# Who is this David Hauser / favored panel ???? Nationwide USA Phone: 631-509-4869, 5



## Inspectorgadget (Sep 28, 2015)

http://favoredpanel.com/ seems this company is popping up all over the social media groups and the take seems to be this guy is trying to be a mini Wegolook, pays folks $20.00 a job , then pays each week Fridays via paypal. Funny thing is, that there are countless ripoff reports on this company and even the BBB has no current information on this company. What say you?


----------



## Wooddrop332 (Jul 21, 2018)

I worked for Nationwide for about 3 months, volume was low in my area making it difficult to get enough in my pipeline to make sense fighting for the measly $s I did make with them. They do send you out a bunch, to bid on jobs you never get , so if you think thats working....then they 👍.


----------



## alexandria.elaine131 (2 mo ago)

Owes me over a thousand dollars and has not paid me. Every time I ask for my money there is a different excuse...


----------



## Cleanupman (Nov 23, 2012)

alexandria.elaine131 said:


> Owes me over a thousand dollars and has not paid me. Every time I ask for my money there is a different excuse...

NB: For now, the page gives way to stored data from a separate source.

lemma rho_open_if_finitely_determined:
  assumes "surj enum" and "finite F"
    and "\<And>\<sigma> \<sigma>'. \<sigma> \<in> U \<Longrightarrow> (\<forall>v\<in>F. \<sigma>' v = \<sigma> v) \<Longrightarrow> \<sigma>' \<in> U"
  shows "rho_open enum U"
proof -
  obtain N where N: "\<forall>i\<in>inv enum ` F. i \<le> N"
    using assms(2) finite_nat_set_iff_bounded_le by (meson finite_imageI)
  then have F_enum: "v \<in> F \<Longrightarrow> \<exists>i\<le>N. v = enum i" for v
    using assms(1) by (metis image_eqI surj_f_inv_f)
  show ?thesis
    unfolding rho_open_def
  proof (intro ballI exI[of _ "(1/2)^N"] conjI allI impI)
    fix \<sigma> \<sigma>' assume "\<sigma> \<in> U" and close: "rho enum \<sigma> \<sigma>' < (1/2) ^ N"
    have "\<sigma> (enum i) = \<sigma>' (enum i)" if "i \<le> N" for i
    proof (rule ccontr)
      assume "\<sigma> (enum i) \<noteq> \<sigma>' (enum i)"
      then have "(1/2::real) ^ i \<le> rho enum \<sigma> \<sigma>'"
        by (rule rho_ge_if_differ)
      moreover have "(1/2::real) ^ N \<le> (1/2) ^ i"
        using that by (intro power_decreasing) auto
      ultimately show False
        using close by simp
    qed
    then show "\<sigma>' \<in> U"
      using F_enum assms(3)[OF \<open>\<sigma> \<in> U\<close>] by metis
  qed simp
qed

definition prefix_cylinder :: "(nat \<Rightarrow> 'v) \<Rightarrow> nat \<Rightarrow> 'a list \<Rightarrow> ('v \<Rightarrow> 'a) set" where
  "prefix_cylinder enum N xs = {\<sigma>. \<forall>i\<le>N. \<sigma> (enum i) = xs ! i}"

text \<open>Over a countable alphabet there are only countably many prefix cylinders, and every
  \<open>\<rho>\<close>-ball around \<open>\<sigma>\<close> contains the prefix cylinder of \<open>\<sigma>\<close> of a suitable length.\<close>
lemma rho_open_in_sigma_prefix_cylinders:
  fixes U :: "('v \<Rightarrow> 'a::countable) set"
  assumes "rho_open enum U"
  shows "U \<in> sigma_sets UNIV (range (\<lambda>(N, xs). prefix_cylinder enum N xs))"
proof -
  define C where "C = {prefix_cylinder enum N xs | N xs. prefix_cylinder enum N xs \<subseteq> U}"
  have "\<exists>c\<in>C. \<sigma> \<in> c" if "\<sigma> \<in> U" for \<sigma>
  proof -
    obtain e where e: "e > 0" "\<forall>\<sigma>'. rho enum \<sigma> \<sigma>' < e \<longrightarrow> \<sigma>' \<in> U"
      using assms \<open>\<sigma> \<in> U\<close> unfolding rho_open_def by blast
    obtain N where N: "(1/2::real) ^ N < e"
      using real_arch_pow_inv[OF e(1), of "1/2"] by auto
    define xs where "xs = map (\<lambda>i. \<sigma> (enum i)) [0..<Suc N]"
    have xs: "i \<le> N \<Longrightarrow> xs ! i = \<sigma> (enum i)" for i
      unfolding xs_def by (subst nth_map) (auto simp del: upt_Suc)
    have "rho enum \<sigma> \<sigma>' < e" if "\<forall>i\<le>N. \<sigma>' (enum i) = \<sigma> (enum i)" for \<sigma>'
      using rho_le_if_agree[of N \<sigma> enum \<sigma>'] that N by simp
    then have "prefix_cylinder enum N xs \<subseteq> U"
      using e(2) xs by (auto simp: prefix_cylinder_def)
    moreover have "\<sigma> \<in> prefix_cylinder enum N xs"
      using xs by (simp add: prefix_cylinder_def)
    ultimately show ?thesis
      unfolding C_def by blast
  qed
  then have "U = \<Union>C"
    unfolding C_def by blast
  also have "\<Union>C \<in> sigma_sets UNIV (range (\<lambda>(N, xs). prefix_cylinder enum N xs))"
  proof (rule sigma_algebra.countable_Union[OF sigma_algebra_sigma_sets])
    show "countable C"
      by (rule countable_subset[of _ "range (\<lambda>(N, xs). prefix_cylinder enum N xs)"])
        (auto simp: C_def)
  qed (auto simp: C_def)
  finally show ?thesis .
qed

lemma measurable_Pow_sets:
  assumes "sets M = Pow A"
  shows "f \<in> measurable M N \<longleftrightarrow> f \<in> A \<rightarrow> space N"
  using measurable_cong_sets[of M "count_space A" N N] assms by (simp add: measurable_count_space_eq1)

lemma emeasure_singleton_neq_top:
  assumes "sigma_finite_measure M" and "{x} \<in> sets M"
  shows "emeasure M {x} \<noteq> \<infinity>"
proof -
  obtain C where C: "countable C" "C \<subseteq> sets M" "\<Union>C = space M" "\<forall>c\<in>C. emeasure M c \<noteq> \<infinity>"
    using sigma_finite_measure.sigma_finite_countable[OF assms(1)] by blast
  moreover have "x \<in> space M"
    using sets.sets_into_space[OF assms(2)] by simp
  ultimately obtain c where "c \<in> C" "x \<in> c"
    by blast
  then have "emeasure M {x} \<le> emeasure M c"
    using C(2) by (intro emeasure_mono) auto
  then show ?thesis
    using C(4) \<open>c \<in> C\<close> by (auto simp: top_unique)
qed

locale finite_exhaustion =
  fixes V :: "nat \<Rightarrow> 'v set"
  assumes finite_V: "\<And>n. finite (V n)"
    and mono_V: "mono V"
    and UN_V: "(\<Union>n. V n) = UNIV"
begin

abbreviation \<Omega> :: "nat \<Rightarrow> ('v \<Rightarrow> 'a) set" where
  "\<Omega> n \<equiv> PiE (V n) (\<lambda>_. UNIV)"

abbreviation \<pi> :: "nat \<Rightarrow> ('v \<Rightarrow> 'a) \<Rightarrow> 'v \<Rightarrow> 'a" where
  "\<pi> n \<sigma> \<equiv> restrict \<sigma> (V n)"

definition cylinders :: "('v \<Rightarrow> 'a) set set" where
  "cylinders = {\<pi> n -` B | n B. True}"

Have you taken any steps to remedy this???


----------



## Favored (2 mo ago)

alexandria.elaine131 said:


> Owes me over a thousand dollars and has not paid me. Every time I ask for my money there is a different excuse...


OK this is Favored Panel, we have no record you working for us, so not sure who this is.

WE have been paying people faithfully for jobs completed, if there is a delay it is because there may be issues with the job and the client has to approve it, as we have been stuck in this business with non payment for work that was not done properly. Clients do not pay us sameday or same week, or same month, so we pay before we get paid. 

Clients dock us all the time, for things like not measuring the truck, not taking the proper photos, not doing the job completely, cutting corners etc....


----------